Problem to solve: Each line containing the string "fixes" should be copied out of the entries.
*** Begin section ***
(* Let $m<M$ be real numbers and let $x_1,\dots,x_n$ be real numbers with $m\le x_i\le M$ for $i=1,\dots,n$, not all equal. Let $m_r=\frac1n\sum_{i=1}^n(x_i-\bar x)^r$ with $\bar x=\frac1n\sum_{i=1}^n x_i$, let $S=\sqrt{m_2}$, and define $\alpha_3=\sqrt{m_3^2/m_2^3}$, $\alpha_4=m_4/m_2^2$ and $q=(M-m)/S$. Then $$\alpha_4-\alpha_3^2\le\frac{q^2}{4}.$$
   Context: $\alpha_3$ (skewness), $\alpha_4$ (kurtosis) and $q$ (studentized range) are as defined in the claim; $m_r$ is the $r$-th central moment of the numbers $x_1,\dots,x_n$. *)

theory Defs
  imports Complex_Main
begin

text \<open>Data x_1..x_n represented as x :: nat => real on indices {1..n}.\<close>

definition mean :: "nat \<Rightarrow> (nat \<Rightarrow> real) \<Rightarrow> real" where
  "mean n x = (\<Sum>i=1..n. x i) / real n"

definition central_moment :: "nat \<Rightarrow> nat \<Rightarrow> (nat \<Rightarrow> real) \<Rightarrow> real" where
  "central_moment r n x = (\<Sum>i=1..n. (x i - mean n x) ^ r) / real n"

definition std_dev :: "nat \<Rightarrow> (nat \<Rightarrow> real) \<Rightarrow> real" where
  "std_dev n x = sqrt (central_moment 2 n x)"

definition skewness :: "nat \<Rightarrow> (nat \<Rightarrow> real) \<Rightarrow> real" where
  "skewness n x = sqrt ((central_moment 3 n x)^2 / (central_moment 2 n x)^3)"

definition kurtosis :: "nat \<Rightarrow> (nat \<Rightarrow> real) \<Rightarrow> real" where
  "kurtosis n x = central_moment 4 n x / (central_moment 2 n x)^2"

definition studentized_range :: "real \<Rightarrow> real \<Rightarrow> nat \<Rightarrow> (nat \<Rightarrow> real) \<Rightarrow> real" where
  "studentized_range m M n x = (M - m) / std_dev n x"

end

theory Submission
  imports Defs
begin

text \<open>Put \<open>y\<^sub>i = x\<^sub>i - \<mu>\<close> with \<open>\<mu>\<close> the mean, so that \<open>a \<le> y\<^sub>i \<le> b\<close> for \<open>a = m - \<mu>\<close>, \<open>b = M - \<mu>\<close>.
  Summing \<open>(y\<^sub>i - a)(b - y\<^sub>i) y\<^sub>i\<^sup>2 \<ge> 0\<close> gives \<open>m\<^sub>4 \<le> (a + b) m\<^sub>3 - a b m\<^sub>2\<close>. Multiplying by \<open>m\<^sub>2\<close>
  and completing the square in \<open>m\<^sub>3\<close> yields \<open>m\<^sub>4 m\<^sub>2 - m\<^sub>3\<^sup>2 \<le> (b - a)\<^sup>2 m\<^sub>2\<^sup>2 / 4\<close>;
  dividing by \<open>m\<^sub>2\<^sup>3\<close> is the claim, since \<open>b - a = M - m\<close>.\<close>

lemma sum_power4_le_of_bounded:
  fixes y :: "'a \<Rightarrow> real"
  assumes "\<And>k. k \<in> I \<Longrightarrow> a \<le> y k \<and> y k \<le> b"
  shows "(\<Sum>k\<in>I. y k ^ 4) \<le> (a + b) * (\<Sum>k\<in>I. y k ^ 3) - a * b * (\<Sum>k\<in>I. y k ^ 2)"
proof -
  have "0 \<le> (\<Sum>k\<in>I. (y k - a) * (b - y k) * y k ^ 2)"
    using assms by (intro sum_nonneg) simp
  also have "\<dots> = (a + b) * (\<Sum>k\<in>I. y k ^ 3) - (\<Sum>k\<in>I. y k ^ 4) - a * b * (\<Sum>k\<in>I. y k ^ 2)"
    by (simp add: algebra_simps power2_eq_square power3_eq_cube power4_eq_xxxx
        sum.distrib sum_subtractf sum_distrib_left)
  finally show ?thesis by linarith
qed

lemma moment_gap_le_of_interval_bound:
  fixes a b s2 s3 s4 :: real
  assumes "0 \<le> s2" and "s4 \<le> (a + b) * s3 - a * b * s2"
  shows "s4 * s2 - s3 ^ 2 \<le> (b - a) ^ 2 / 4 * s2 ^ 2"
proof -
  have "s4 * s2 \<le> ((a + b) * s3 - a * b * s2) * s2"
    by (rule mult_right_mono[OF assms(2,1)])
  also have "\<dots> = s3 ^ 2 - (s3 - (a + b) * s2 / 2) ^ 2 + (b - a) ^ 2 / 4 * s2 ^ 2"
    by (simp add: power2_eq_square field_simps)
  also have "\<dots> \<le> s3 ^ 2 + (b - a) ^ 2 / 4 * s2 ^ 2"
    by simp
  finally show ?thesis by simp
qed

lemma central_moment_4_le:
  assumes "\<And>i. i \<in> {1..n} \<Longrightarrow> m \<le> x i \<and> x i \<le> M"
  shows "central_moment 4 n x
    \<le> (m - mean n x + (M - mean n x)) * central_moment 3 n x
       - (m - mean n x) * (M - mean n x) * central_moment 2 n x"
proof -
  have "(\<Sum>i=1..n. (x i - mean n x) ^ 4)
    \<le> (m - mean n x + (M - mean n x)) * (\<Sum>i=1..n. (x i - mean n x) ^ 3)
       - (m - mean n x) * (M - mean n x) * (\<Sum>i=1..n. (x i - mean n x) ^ 2)"
    using assms by (intro sum_power4_le_of_bounded) auto
  then show ?thesis
    unfolding central_moment_def times_divide_eq_right diff_divide_distrib[symmetric]
    by (rule divide_right_mono) simp
qed

lemma central_moment_2_pos:
  assumes "i \<in> {1..n}" "j \<in> {1..n}" "x i \<noteq> x j"
  shows "central_moment 2 n x > 0"
proof -
  obtain k where k: "k \<in> {1..n}" "x k \<noteq> mean n x"
    using assms by metis
  have "0 < (x k - mean n x) ^ 2"
    using k by simp
  also have "\<dots> \<le> (\<Sum>i=1..n. (x i - mean n x) ^ 2)"
    using k by (intro member_le_sum) auto
  finally show ?thesis
    using k by (simp add: central_moment_def)
qed

lemma central_moment_2_nonneg: "central_moment 2 n x \<ge> 0"
  by (simp add: central_moment_def sum_nonneg)

lemma kurtosis_minus_skewness_sq:
  assumes "central_moment 2 n x > 0"
  shows "kurtosis n x - (skewness n x) ^ 2
    = (central_moment 4 n x * central_moment 2 n x - (central_moment 3 n x) ^ 2)
      / (central_moment 2 n x) ^ 3"
  using assms by (simp add: kurtosis_def skewness_def field_simps power2_eq_square power3_eq_cube)

lemma studentized_range_sq:
  "(studentized_range m M n x) ^ 2 = (M - m) ^ 2 / central_moment 2 n x"
  using central_moment_2_nonneg[of n x]
  by (simp add: studentized_range_def std_dev_def power_divide)

theorem corollary2p5:
  fixes m M :: real and n :: nat and x :: "nat \<Rightarrow> real"
  assumes "m < M"
    and "\<And>i. i \<in> {1..n} \<Longrightarrow> m \<le> x i \<and> x i \<le> M"
    and "\<exists>i\<in>{1..n}. \<exists>j\<in>{1..n}. x i \<noteq> x j"
  shows "kurtosis n x - (skewness n x)^2 \<le> (studentized_range m M n x)^2 / 4"
proof -
  have m2_pos: "central_moment 2 n x > 0"
    using assms(3) central_moment_2_pos by blast
  have gap: "central_moment 4 n x * central_moment 2 n x - (central_moment 3 n x) ^ 2
      \<le> (M - m) ^ 2 / 4 * (central_moment 2 n x) ^ 2"
    using moment_gap_le_of_interval_bound[OF less_imp_le[OF m2_pos] central_moment_4_le[OF assms(2)]]
    by simp
  have "kurtosis n x - (skewness n x) ^ 2
      = (central_moment 4 n x * central_moment 2 n x - (central_moment 3 n x) ^ 2)
        / (central_moment 2 n x) ^ 3"
    using kurtosis_minus_skewness_sq[OF m2_pos] .
  also have "\<dots> \<le> (M - m) ^ 2 / 4 * (central_moment 2 n x) ^ 2 / (central_moment 2 n x) ^ 3"
    using gap m2_pos by (intro divide_right_mono) auto
  also have "\<dots> = (studentized_range m M n x) ^ 2 / 4"
    unfolding studentized_range_sq using m2_pos by (simp add: power2_eq_square power3_eq_cube)
  finally show ?thesis .
qed

end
*** End section ***
Answer:
  fixes y :: "'a \<Rightarrow> real"
  fixes a b s2 s3 s4 :: real
  fixes m M :: real and n :: nat and x :: "nat \<Rightarrow> real"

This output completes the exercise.